*** Opening of Material to process ***

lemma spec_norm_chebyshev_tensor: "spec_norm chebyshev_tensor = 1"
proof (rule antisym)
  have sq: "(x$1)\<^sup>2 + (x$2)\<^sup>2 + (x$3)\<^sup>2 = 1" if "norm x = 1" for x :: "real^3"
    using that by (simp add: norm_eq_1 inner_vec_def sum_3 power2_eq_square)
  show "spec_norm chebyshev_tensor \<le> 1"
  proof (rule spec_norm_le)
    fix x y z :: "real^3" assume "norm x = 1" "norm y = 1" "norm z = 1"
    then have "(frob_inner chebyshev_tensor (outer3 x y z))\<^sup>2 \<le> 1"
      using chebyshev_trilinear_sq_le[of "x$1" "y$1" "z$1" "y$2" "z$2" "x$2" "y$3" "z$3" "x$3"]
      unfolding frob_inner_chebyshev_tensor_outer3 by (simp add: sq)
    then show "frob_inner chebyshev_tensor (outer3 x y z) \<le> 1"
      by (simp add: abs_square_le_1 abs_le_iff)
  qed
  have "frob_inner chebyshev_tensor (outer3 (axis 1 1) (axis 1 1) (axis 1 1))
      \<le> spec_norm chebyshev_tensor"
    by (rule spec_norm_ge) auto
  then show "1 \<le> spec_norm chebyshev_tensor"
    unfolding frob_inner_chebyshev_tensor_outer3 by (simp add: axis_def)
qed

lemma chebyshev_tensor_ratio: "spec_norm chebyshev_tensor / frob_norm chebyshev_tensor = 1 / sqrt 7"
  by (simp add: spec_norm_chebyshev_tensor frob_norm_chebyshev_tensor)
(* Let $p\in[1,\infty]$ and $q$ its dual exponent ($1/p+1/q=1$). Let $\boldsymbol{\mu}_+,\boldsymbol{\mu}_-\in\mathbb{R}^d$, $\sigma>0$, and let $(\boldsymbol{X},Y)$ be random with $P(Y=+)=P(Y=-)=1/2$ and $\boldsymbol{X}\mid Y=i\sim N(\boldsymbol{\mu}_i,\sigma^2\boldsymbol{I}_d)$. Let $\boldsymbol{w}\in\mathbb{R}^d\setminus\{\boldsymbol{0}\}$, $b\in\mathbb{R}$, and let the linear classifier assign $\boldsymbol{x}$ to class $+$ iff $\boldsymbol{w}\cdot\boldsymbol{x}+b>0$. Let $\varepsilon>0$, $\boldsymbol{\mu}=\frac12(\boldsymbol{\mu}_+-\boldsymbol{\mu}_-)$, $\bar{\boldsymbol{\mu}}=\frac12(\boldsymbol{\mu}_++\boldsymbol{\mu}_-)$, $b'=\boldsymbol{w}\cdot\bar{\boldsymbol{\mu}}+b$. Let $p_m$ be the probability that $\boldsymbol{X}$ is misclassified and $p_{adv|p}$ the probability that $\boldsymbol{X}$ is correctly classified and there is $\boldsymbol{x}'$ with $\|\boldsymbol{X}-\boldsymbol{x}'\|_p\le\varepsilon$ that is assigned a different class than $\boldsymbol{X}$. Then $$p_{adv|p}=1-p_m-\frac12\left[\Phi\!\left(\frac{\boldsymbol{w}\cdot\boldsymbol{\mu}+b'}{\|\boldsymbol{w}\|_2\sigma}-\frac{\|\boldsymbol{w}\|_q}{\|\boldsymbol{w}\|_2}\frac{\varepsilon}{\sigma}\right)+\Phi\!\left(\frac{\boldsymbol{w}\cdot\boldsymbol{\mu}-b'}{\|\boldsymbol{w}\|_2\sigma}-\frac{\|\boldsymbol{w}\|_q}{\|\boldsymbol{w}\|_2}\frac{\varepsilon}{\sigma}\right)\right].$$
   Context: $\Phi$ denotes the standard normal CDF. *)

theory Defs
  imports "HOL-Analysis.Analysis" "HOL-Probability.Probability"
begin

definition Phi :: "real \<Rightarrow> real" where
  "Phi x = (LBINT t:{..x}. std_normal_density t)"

*** Close of Material to process ***

* Goal of the exercise *
Transcribe all entries word for word.

* Reply to the exercise *
lemma spec_norm_chebyshev_tensor: "spec_norm chebyshev_tensor = 1"
proof (rule antisym)
  have sq: "(x$1)\<^sup>2 + (x$2)\<^sup>2 + (x$3)\<^sup>2 = 1" if "norm x = 1" for x :: "real^3"
    using that by (simp add: norm_eq_1 inner_vec_def sum_3 power2_eq_square)
  show "spec_norm chebyshev_tensor \<le> 1"
  proof (rule spec_norm_le)
    fix x y z :: "real^3" assume "norm x = 1" "norm y = 1" "norm z = 1"
    then have "(frob_inner chebyshev_tensor (outer3 x y z))\<^sup>2 \<le> 1"
      using chebyshev_trilinear_sq_le[of "x$1" "y$1" "z$1" "y$2" "z$2" "x$2" "y$3" "z$3" "x$3"]
      unfolding frob_inner_chebyshev_tensor_outer3 by (simp add: sq)
    then show "frob_inner chebyshev_tensor (outer3 x y z) \<le> 1"
      by (simp add: abs_square_le_1 abs_le_iff)
  qed
  have "frob_inner chebyshev_tensor (outer3 (axis 1 1) (axis 1 1) (axis 1 1))
      \<le> spec_norm chebyshev_tensor"
    by (rule spec_norm_ge) auto
  then show "1 \<le> spec_norm chebyshev_tensor"
    unfolding frob_inner_chebyshev_tensor_outer3 by (simp add: axis_def)
qed

lemma chebyshev_tensor_ratio: "spec_norm chebyshev_tensor / frob_norm chebyshev_tensor = 1 / sqrt 7"
  by (simp add: spec_norm_chebyshev_tensor frob_norm_chebyshev_tensor)
(* Let $p\in[1,\infty]$ and $q$ its dual exponent ($1/p+1/q=1$). Let $\boldsymbol{\mu}_+,\boldsymbol{\mu}_-\in\mathbb{R}^d$, $\sigma>0$, and let $(\boldsymbol{X},Y)$ be random with $P(Y=+)=P(Y=-)=1/2$ and $\boldsymbol{X}\mid Y=i\sim N(\boldsymbol{\mu}_i,\sigma^2\boldsymbol{I}_d)$. Let $\boldsymbol{w}\in\mathbb{R}^d\setminus\{\boldsymbol{0}\}$, $b\in\mathbb{R}$, and let the linear classifier assign $\boldsymbol{x}$ to class $+$ iff $\boldsymbol{w}\cdot\boldsymbol{x}+b>0$. Let $\varepsilon>0$, $\boldsymbol{\mu}=\frac12(\boldsymbol{\mu}_+-\boldsymbol{\mu}_-)$, $\bar{\boldsymbol{\mu}}=\frac12(\boldsymbol{\mu}_++\boldsymbol{\mu}_-)$, $b'=\boldsymbol{w}\cdot\bar{\boldsymbol{\mu}}+b$. Let $p_m$ be the probability that $\boldsymbol{X}$ is misclassified and $p_{adv|p}$ the probability that $\boldsymbol{X}$ is correctly classified and there is $\boldsymbol{x}'$ with $\|\boldsymbol{X}-\boldsymbol{x}'\|_p\le\varepsilon$ that is assigned a different class than $\boldsymbol{X}$. Then $$p_{adv|p}=1-p_m-\frac12\left[\Phi\!\left(\frac{\boldsymbol{w}\cdot\boldsymbol{\mu}+b'}{\|\boldsymbol{w}\|_2\sigma}-\frac{\|\boldsymbol{w}\|_q}{\|\boldsymbol{w}\|_2}\frac{\varepsilon}{\sigma}\right)+\Phi\!\left(\frac{\boldsymbol{w}\cdot\boldsymbol{\mu}-b'}{\|\boldsymbol{w}\|_2\sigma}-\frac{\|\boldsymbol{w}\|_q}{\|\boldsymbol{w}\|_2}\frac{\varepsilon}{\sigma}\right)\right].$$
   Context: $\Phi$ denotes the standard normal CDF. *)

theory Defs
  imports "HOL-Analysis.Analysis" "HOL-Probability.Probability"
begin

definition Phi :: "real \<Rightarrow> real" where
  "Phi x = (LBINT t:{..x}. std_normal_density t)"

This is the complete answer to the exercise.